Objective: To study the relationship between aldehyde dehydrogenase-2 (ALDH2) and cytochrome P450 2E1 (CYP2E1) gene polymorphism and alcohol drinking habit with the susceptibility of hepatocellular carcinoma( HCC).
Methods: 300 cases of HCC and 292 controls were genotyped for the ALDH2 and CYP2E1 polymorphisms by using polymerase chain reaction-restriction fragment length polymorphism (PCR-RFLP) method.

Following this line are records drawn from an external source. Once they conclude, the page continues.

(* Let $(Y_t,X_{t-\delta})$ and $(\tilde Y_0,\tilde X_{-\delta})$ be two pairs of random variables, each on $\mathcal Y\times\mathcal X$ with $\mathcal Y,\mathcal X$ finite, and let $L$ be a loss function on $\mathcal Y\times\mathcal A$. If for all $x\in\mathcal X$ $$D_{\chi^2}\big(P_{Y_t|X_{t-\delta}=x}\,\|\,P_{\tilde Y_0|\tilde X_{-\delta}=x}\big)\le\beta^2,$$ then $$H_L(Y_t;\tilde Y_0|X_{t-\delta})=H_L(Y_t|X_{t-\delta})+O(\beta).$$
   Context: $L:\mathcal Y\times\mathcal A\to\mathbb R$ is a loss function (minima attained). For a distribution $P$ on $\mathcal Y$, a Bayes action $a_P$ is a minimizer of $a\mapsto\mathbb E_{Y\sim P}[L(Y,a)]$. $H_L(Y|X=x)=\min_{a}\mathbb E_{Y\sim P_{Y|X=x}}[L(Y,a)]$ and $H_L(Y|X)=\sum_xP_X(x)H_L(Y|X=x)$. The $L$-conditional cross entropy is $H_L(Y_t;\tilde Y_0|X_{t-\delta})=\sum_{x\in\mathcal X}P_{X_{t-\delta}}(x)\,\mathbb E_{Y\sim P_{Y_t|X_{t-\delta}=x}}\big[L(Y,a_{P_{\tilde Y_0|\tilde X_{-\delta}=x}})\big]$. Neyman's $\chi^2$-divergence $D_{\chi^2}(P\|Q)=\sum_y\frac{(P(y)-Q(y))^2}{Q(y)}$ ($0^2/0=0$). Big-O is as $\beta\to0$. *)

theory Defs
  imports "HOL-Analysis.Analysis"
begin

definition is_dist :: "('b::finite \<Rightarrow> real) \<Rightarrow> bool" where
  "is_dist p \<longleftrightarrow> (\<forall>y. 0 \<le> p y) \<and> (\<Sum>y\<in>UNIV. p y) = 1"

definition exp_loss :: "('y::finite \<Rightarrow> 'a \<Rightarrow> real) \<Rightarrow> ('y \<Rightarrow> real) \<Rightarrow> 'a \<Rightarrow> real" where
  "exp_loss L p a = (\<Sum>y\<in>UNIV. p y * L y a)"

definition is_bayes_action :: "('y::finite \<Rightarrow> 'a \<Rightarrow> real) \<Rightarrow> ('y \<Rightarrow> real) \<Rightarrow> 'a \<Rightarrow> bool" where
  "is_bayes_action L p a \<longleftrightarrow> (\<forall>a'. exp_loss L p a \<le> exp_loss L p a')"

definition minima_attained :: "('y::finite \<Rightarrow> 'a \<Rightarrow> real) \<Rightarrow> bool" where
  "minima_attained L \<longleftrightarrow> (\<forall>p. is_dist p \<longrightarrow> (\<exists>a. is_bayes_action L p a))"

definition gen_ent :: "('y::finite \<Rightarrow> 'a \<Rightarrow> real) \<Rightarrow> ('y \<Rightarrow> real) \<Rightarrow> real" where
  "gen_ent L p = (INF a. exp_loss L p a)"

definition cond_gen_ent :: "('y::finite \<Rightarrow> 'a \<Rightarrow> real) \<Rightarrow> ('x::finite \<Rightarrow> real) \<Rightarrow> ('x \<Rightarrow> 'y \<Rightarrow> real) \<Rightarrow> real" where
  "cond_gen_ent L px pc = (\<Sum>x\<in>UNIV. px x * gen_ent L (pc x))"

text \<open>L-conditional cross entropy H_L(Y_t; Y~_0 | X_{t-delta}), where aq x is the
  (chosen) Bayes action of the conditional law of Y~_0 given X~_{-delta} = x.\<close>
definition cond_cross_ent :: "('y::finite \<Rightarrow> 'a \<Rightarrow> real) \<Rightarrow> ('x::finite \<Rightarrow> real) \<Rightarrow> ('x \<Rightarrow> 'y \<Rightarrow> real) \<Rightarrow> ('x \<Rightarrow> 'a) \<Rightarrow> real" where
  "cond_cross_ent L px pc aq = (\<Sum>x\<in>UNIV. px x * exp_loss L (pc x) (aq x))"

text \<open>Neyman chi-square divergence, valued in ereal: infinite if P is not
  absolutely continuous w.r.t. Q (terms 0^2/0 count as 0).\<close>
definition chi2_div :: "('y::finite \<Rightarrow> real) \<Rightarrow> ('y \<Rightarrow> real) \<Rightarrow> ereal" where
  "chi2_div p q = (if \<exists>y. q y = 0 \<and> p y \<noteq> 0 then \<infinity>
     else ereal (\<Sum>y\<in>{y. q y \<noteq> 0}. (p y - q y)^2 / q y))"

end

theory Submission
  imports Defs
begin

text \<open>Fix \<open>x\<close>; let \<open>q\<close> be the conditional law of \<open>\<tilde>Y\<^sub>0\<close> with Bayes action \<open>a\<close> and \<open>p\<close> that
  of \<open>Y\<^sub>t\<close> with Bayes action \<open>b\<close>. The \<open>\<chi>\<^sup>2\<close> bound gives \<open>\<bar>p y - q y\<bar> \<le> \<beta>\<close>, and once \<open>\<beta>\<close> is
  below half the smallest positive value \<open>\<mu>\<close> of all the \<open>q\<close>'s this upgrades to the
  multiplicative bound \<open>q \<le> (1 + 2\<beta>/\<mu>) p\<close>. Subtracting the pointwise minimal loss makes
  \<open>L\<close> nonnegative without changing regrets, and then
  \<open>E\<^sub>p L\<^sub>a \<le> E\<^sub>q L\<^sub>a + \<beta> \<Sum> L\<^sub>a \<le> E\<^sub>q L\<^sub>b + \<beta> \<Sum> L\<^sub>a \<le> (1 + 2\<beta>/\<mu>) E\<^sub>p L\<^sub>b + \<beta> \<Sum> L\<^sub>a\<close>
  together with \<open>E\<^sub>p L\<^sub>b \<le> E\<^sub>p L\<^sub>a \<le> \<Sum> L\<^sub>a\<close> bounds the regret of \<open>a\<close> under \<open>p\<close> by
  \<open>\<beta> (1 + 2/\<mu>) \<Sum>\<^sub>y L(y,a)\<close>, uniformly in \<open>p\<close>.\<close>

lemma is_dist_nonneg: "is_dist p \<Longrightarrow> 0 \<le> p y"
  unfolding is_dist_def by simp

lemma is_dist_le_1:
  fixes p :: "'y::finite \<Rightarrow> real"
  assumes "is_dist p"
  shows "p y \<le> 1"
proof -
  have "p y \<le> (\<Sum>z\<in>UNIV. p z)"
    using assms unfolding is_dist_def by (intro member_le_sum) auto
  then show ?thesis
    using assms unfolding is_dist_def by simp
qed

lemma gen_ent_eq_exp_loss:
  assumes "is_bayes_action L p b"
  shows "gen_ent L p = exp_loss L p b"
  using assms unfolding gen_ent_def is_bayes_action_def
  by (intro cInf_eq_minimum) auto

lemma exp_loss_shift:
  "exp_loss (\<lambda>y c. L y c - h y) p c = exp_loss L p c - (\<Sum>y\<in>UNIV. p y * h y)"
  unfolding exp_loss_def by (simp add: right_diff_distrib sum_subtractf)

lemma is_bayes_action_shift:
  "is_bayes_action (\<lambda>y c. L y c - h y) p c \<longleftrightarrow> is_bayes_action L p c"
  unfolding is_bayes_action_def exp_loss_shift by simp

lemma minima_attained_imp_pointwise_minimiser:
  fixes L :: "'y::finite \<Rightarrow> 'a \<Rightarrow> real"
  assumes "minima_attained L"
  obtains m where "\<And>y c. L y (m y) \<le> L y c"
proof -
  have "\<exists>b. \<forall>c. L y b \<le> L y c" for y
  proof -
    define \<delta> where "\<delta> z = (if z = y then 1 else 0 :: real)" for z
    have "is_dist \<delta>"
      unfolding is_dist_def \<delta>_def by auto
    then obtain b where "is_bayes_action L \<delta> b"
      using assms unfolding minima_attained_def by blast
    moreover have "exp_loss L \<delta> c = L y c" for c
      unfolding exp_loss_def \<delta>_def by (simp add: if_distrib[of "\<lambda>t. t * _"] cong: if_cong)
    ultimately show ?thesis
      unfolding is_bayes_action_def by auto
  qed
  then show ?thesis
    using that by metis
qed

lemma finite_pos_values_bounded_away_from_0:
  fixes f :: "'a::finite \<Rightarrow> real"
  obtains \<mu> where "0 < \<mu>" and "\<And>z. 0 < f z \<Longrightarrow> \<mu> \<le> f z"
proof
  let ?S = "insert 1 (f ` {z. 0 < f z})"
  show "0 < Min ?S"
    by (subst Min_gr_iff) auto
  show "Min ?S \<le> f z" if "0 < f z" for z
    using that by (intro Min_le) auto
qed

lemma chi2_div_le_imp_abs_diff_le:
  fixes p q :: "'y::finite \<Rightarrow> real"
  assumes chi2: "chi2_div p q \<le> ereal (\<beta>^2)" and q: "is_dist q" and "0 \<le> \<beta>"
  shows "\<bar>p y - q y\<bar> \<le> \<beta>"
proof (cases "q y = 0")
  case True
  with chi2 have "p y = 0"
    unfolding chi2_div_def by (auto split: if_splits)
  with True \<open>0 \<le> \<beta>\<close> show ?thesis by simp
next
  case False
  with is_dist_nonneg[OF q] have q_pos: "0 < q y"
    by (simp add: order_less_le)
  from chi2 False have "(\<Sum>z\<in>{z. q z \<noteq> 0}. (p z - q z)^2 / q z) \<le> \<beta>^2"
    unfolding chi2_div_def by (auto split: if_splits)
  moreover have "(p y - q y)^2 / q y \<le> (\<Sum>z\<in>{z. q z \<noteq> 0}. (p z - q z)^2 / q z)"
    using False is_dist_nonneg[OF q] by (intro member_le_sum) auto
  ultimately have "(p y - q y)^2 / q y \<le> \<beta>^2"
    by linarith
  then have "(p y - q y)^2 \<le> \<beta>^2 * q y"
    using q_pos by (simp add: field_simps)
  also have "\<dots> \<le> \<beta>^2"
    using is_dist_le_1[OF q] by (simp add: mult_left_le)
  finally show ?thesis
    using \<open>0 \<le> \<beta>\<close> by (metis abs_le_square_iff abs_of_nonneg)
qed

lemma le_scaled_of_abs_diff_le:
  fixes p q \<beta> \<mu> :: real
  assumes "\<bar>p - q\<bar> \<le> \<beta>" and "0 \<le> p" and "q = 0 \<or> \<mu> \<le> q" and "0 < \<mu>" and "2 * \<beta> \<le> \<mu>"
  shows "q \<le> (1 + 2 * \<beta> / \<mu>) * p"
proof -
  have "0 \<le> \<beta>"
    using assms(1) abs_ge_zero order_trans by blast
  show ?thesis
  proof (cases "q = 0")
    case True
    with assms(2,4) \<open>0 \<le> \<beta>\<close> show ?thesis
      by simp
  next
    case False
    with assms have "\<mu> \<le> 2 * p"
      by auto
    then have "\<beta> \<le> 2 * \<beta> / \<mu> * p"
      using \<open>0 < \<mu>\<close> \<open>0 \<le> \<beta>\<close> by (simp add: field_simps mult_left_mono)
    with assms show ?thesis
      by (simp add: algebra_simps)
  qed
qed

lemma exp_loss_regret_le:
  fixes L :: "'y::finite \<Rightarrow> 'a \<Rightarrow> real"
  assumes L_nonneg: "\<And>y c. 0 \<le> L y c"
    and p_nonneg: "\<And>y. 0 \<le> p y" and p_le_1: "\<And>y. p y \<le> 1"
    and a: "is_bayes_action L q a" and b: "is_bayes_action L p b"
    and p_le: "\<And>y. p y \<le> q y + \<beta>"
    and q_le: "\<And>y. q y \<le> (1 + \<epsilon>) * p y" and "0 \<le> \<epsilon>"
  shows "exp_loss L p a - exp_loss L p b \<le> (\<beta> + \<epsilon>) * (\<Sum>y\<in>UNIV. L y a)"
proof -
  let ?S = "\<Sum>y\<in>UNIV. L y a"
  have "exp_loss L p a \<le> (\<Sum>y\<in>UNIV. (q y + \<beta>) * L y a)"
    unfolding exp_loss_def using p_le L_nonneg by (intro sum_mono mult_right_mono) auto
  also have "\<dots> = exp_loss L q a + \<beta> * ?S"
    unfolding exp_loss_def by (simp add: distrib_right sum.distrib sum_distrib_left)
  also have "\<dots> \<le> exp_loss L q b + \<beta> * ?S"
    using a unfolding is_bayes_action_def by simp
  also have "exp_loss L q b \<le> (1 + \<epsilon>) * exp_loss L p b"
    unfolding exp_loss_def sum_distrib_left mult.assoc[symmetric]
    using q_le L_nonneg by (intro sum_mono mult_right_mono) auto
  finally have "exp_loss L p a - exp_loss L p b \<le> \<epsilon> * exp_loss L p b + \<beta> * ?S"
    by (simp add: algebra_simps)
  moreover have "exp_loss L p b \<le> ?S"
  proof -
    have "exp_loss L p b \<le> exp_loss L p a"
      using b unfolding is_bayes_action_def by simp
    also have "\<dots> \<le> ?S"
      unfolding exp_loss_def using p_nonneg p_le_1 L_nonneg
      by (intro sum_mono) (simp add: mult_left_le_one_le)
    finally show ?thesis .
  qed
  ultimately show ?thesis
    using mult_left_mono[OF _ \<open>0 \<le> \<epsilon>\<close>] by (fastforce simp: algebra_simps)
qed

lemma exp_loss_regret_le_chi2_div:
  fixes L :: "'y::finite \<Rightarrow> 'a \<Rightarrow> real"
  assumes m: "\<And>y c. L y (m y) \<le> L y c"
    and p: "is_dist p" and q: "is_dist q"
    and a: "is_bayes_action L q a" and b: "is_bayes_action L p b"
    and chi2: "chi2_div p q \<le> ereal (\<beta>^2)" and "0 \<le> \<beta>"
    and \<mu>: "0 < \<mu>" "\<And>y. 0 < q y \<Longrightarrow> \<mu> \<le> q y" and "2 * \<beta> \<le> \<mu>"
  shows "exp_loss L p a - exp_loss L p b \<le> \<beta> * (1 + 2 / \<mu>) * (\<Sum>y\<in>UNIV. L y a - L y (m y))"
proof -
  have close: "\<bar>p y - q y\<bar> \<le> \<beta>" for y
    using chi2_div_le_imp_abs_diff_le[OF chi2 q \<open>0 \<le> \<beta>\<close>] .
  have "q y = 0 \<or> \<mu> \<le> q y" for y
    using \<mu>(2)[of y] is_dist_nonneg[OF q, of y] by (auto simp: le_less)
  then have "q y \<le> (1 + 2 * \<beta> / \<mu>) * p y" for y
    using le_scaled_of_abs_diff_le close is_dist_nonneg[OF p] \<mu>(1) \<open>2 * \<beta> \<le> \<mu>\<close> by blast
  moreover have "p y \<le> q y + \<beta>" for y
    using close[of y] by simp
  ultimately have "exp_loss (\<lambda>y c. L y c - L y (m y)) p a - exp_loss (\<lambda>y c. L y c - L y (m y)) p b
      \<le> (\<beta> + 2 * \<beta> / \<mu>) * (\<Sum>y\<in>UNIV. L y a - L y (m y))"
    using m is_dist_nonneg[OF p] is_dist_le_1[OF p] a b \<open>0 \<le> \<beta>\<close> \<mu>(1)
    by (intro exp_loss_regret_le) (simp_all add: is_bayes_action_shift)
  then show ?thesis
    by (simp add: exp_loss_shift algebra_simps)
qed

lemma abs_cond_cross_ent_minus_cond_gen_ent_le:
  fixes L :: "'y::finite \<Rightarrow> 'a \<Rightarrow> real"
  assumes px: "is_dist px" and b: "\<And>x. is_bayes_action L (pc x) (b x)"
    and B: "\<And>x. exp_loss L (pc x) (aq x) - exp_loss L (pc x) (b x) \<le> B x"
  shows "\<bar>cond_cross_ent L px pc aq - cond_gen_ent L px pc\<bar> \<le> (\<Sum>x\<in>UNIV. B x)"
proof -
  define G where "G x = exp_loss L (pc x) (aq x) - exp_loss L (pc x) (b x)" for x
  have G_nonneg: "0 \<le> G x" for x
    using b[of x] unfolding G_def is_bayes_action_def by simp
  have "cond_cross_ent L px pc aq - cond_gen_ent L px pc = (\<Sum>x\<in>UNIV. px x * G x)"
    unfolding cond_cross_ent_def cond_gen_ent_def G_def gen_ent_eq_exp_loss[OF b]
    by (simp add: right_diff_distrib sum_subtractf)
  moreover have "0 \<le> (\<Sum>x\<in>UNIV. px x * G x)"
    using is_dist_nonneg[OF px] G_nonneg by (intro sum_nonneg) auto
  moreover have "px x * G x \<le> B x" for x
  proof -
    have "px x * G x \<le> G x"
      using is_dist_nonneg[OF px] is_dist_le_1[OF px] G_nonneg by (simp add: mult_left_le_one_le)
    then show ?thesis
      using B[of x] unfolding G_def by simp
  qed
  then have "(\<Sum>x\<in>UNIV. px x * G x) \<le> (\<Sum>x\<in>UNIV. B x)"
    by (rule sum_mono)
  ultimately show ?thesis
    by simp
qed

theorem lemma3p7:
  fixes L :: "'y::finite \<Rightarrow> 'a \<Rightarrow> real"
    and qc :: "'x::finite \<Rightarrow> 'y \<Rightarrow> real"
    and aq :: "'x \<Rightarrow> 'a"
  assumes "minima_attained L"
    and "\<And>x. is_dist (qc x)"
    and "\<And>x. is_bayes_action L (qc x) (aq x)"
  shows "\<exists>C \<beta>0. \<beta>0 > 0 \<and>
    (\<forall>\<beta> px pc. 0 < \<beta> \<and> \<beta> < \<beta>0 \<and> is_dist px \<and> (\<forall>x. is_dist (pc x)) \<and>
        (\<forall>x. chi2_div (pc x) (qc x) \<le> ereal (\<beta>^2)) \<longrightarrow>
      \<bar>cond_cross_ent L px pc aq - cond_gen_ent L px pc\<bar> \<le> C * \<beta>)"
proof -
  obtain m where m: "\<And>y c. L y (m y) \<le> L y c"
    using minima_attained_imp_pointwise_minimiser[OF assms(1)] by blast
  obtain \<mu> where \<mu>: "0 < \<mu>" "\<And>x y. 0 < qc x y \<Longrightarrow> \<mu> \<le> qc x y"
    using finite_pos_values_bounded_away_from_0[of "case_prod qc"] by auto
  define K where "K x = (\<Sum>y\<in>UNIV. L y (aq x) - L y (m y))" for x
  show ?thesis
  proof (rule exI[of _ "(1 + 2 / \<mu>) * (\<Sum>x\<in>UNIV. K x)"], rule exI[of _ "\<mu> / 2"],
      intro conjI allI impI)
    fix \<beta> :: real and px :: "'x \<Rightarrow> real" and pc :: "'x \<Rightarrow> 'y \<Rightarrow> real"
    assume H: "0 < \<beta> \<and> \<beta> < \<mu> / 2 \<and> is_dist px \<and> (\<forall>x. is_dist (pc x)) \<and>
      (\<forall>x. chi2_div (pc x) (qc x) \<le> ereal (\<beta>^2))"
    then have "\<forall>x. \<exists>c. is_bayes_action L (pc x) c"
      using assms(1) unfolding minima_attained_def by blast
    then obtain b where b: "\<And>x. is_bayes_action L (pc x) (b x)"
      by metis
    have "exp_loss L (pc x) (aq x) - exp_loss L (pc x) (b x) \<le> \<beta> * (1 + 2 / \<mu>) * K x" for x
      unfolding K_def using H m assms(2,3) b \<mu>
      by (intro exp_loss_regret_le_chi2_div) auto
    then have "\<bar>cond_cross_ent L px pc aq - cond_gen_ent L px pc\<bar>
        \<le> (\<Sum>x\<in>UNIV. \<beta> * (1 + 2 / \<mu>) * K x)"
      using H b by (intro abs_cond_cross_ent_minus_cond_gen_ent_le) auto
    also have "\<dots> = (1 + 2 / \<mu>) * (\<Sum>x\<in>UNIV. K x) * \<beta>"
      by (simp add: sum_distrib_left sum_distrib_right mult_ac)
    finally show "\<bar>cond_cross_ent L px pc aq - cond_gen_ent L px pc\<bar>
        \<le> (1 + 2 / \<mu>) * (\<Sum>x\<in>UNIV. K x) * \<beta>" .
  qed (use \<mu> in simp)
qed

end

Results: The frequencies of ALDH2 and CYP2E1 variant genotypes in cases and controls were 50.3%, 48.0% and 32.3%, 32.9%, respectively. There was no significant difference of ALDH2 and CYP2E1 genotypes distribution between cases and controls (P > 0.05). The risk for liver cancer was 3.334 times higher in alcoholics ( > or =3 times drinking per week) with ALDH2 * 2 genotype than that that in cases carrying ALDH2 * 1 genotype while drinking less than 3 times per week (95% CI = 1.746 - 6.406) , and the risk for liver cancer was 1.803 times higher in alcoholics ( > or =3 times drinking per week) with CYP2E1c2 genotype than that in cases carrying CYP2E1cl genotype while drinking less than 3 times per week (95% CI = 0.974 - 3.336). Haplotype of the two genotypes increased liver cancer risk to 1.200 folds (95% CI = 0.730 - 1.972), and interaction between drinking and genotypes increases risk of liver cancer to 1.816 folds (95% CI = 0.985 - 3.348).
Conclusion: ALDH2 or CYP2E1 genotypes alone render no significant risk for HCC, while frequent alcoholic consumption together with ALDH2 or CYP2E1 variant genotypes are associated with risk of hepatocarcinogenesis, suggesting a gene-environment interaction in increasing risk for HCC among Guangxi residents.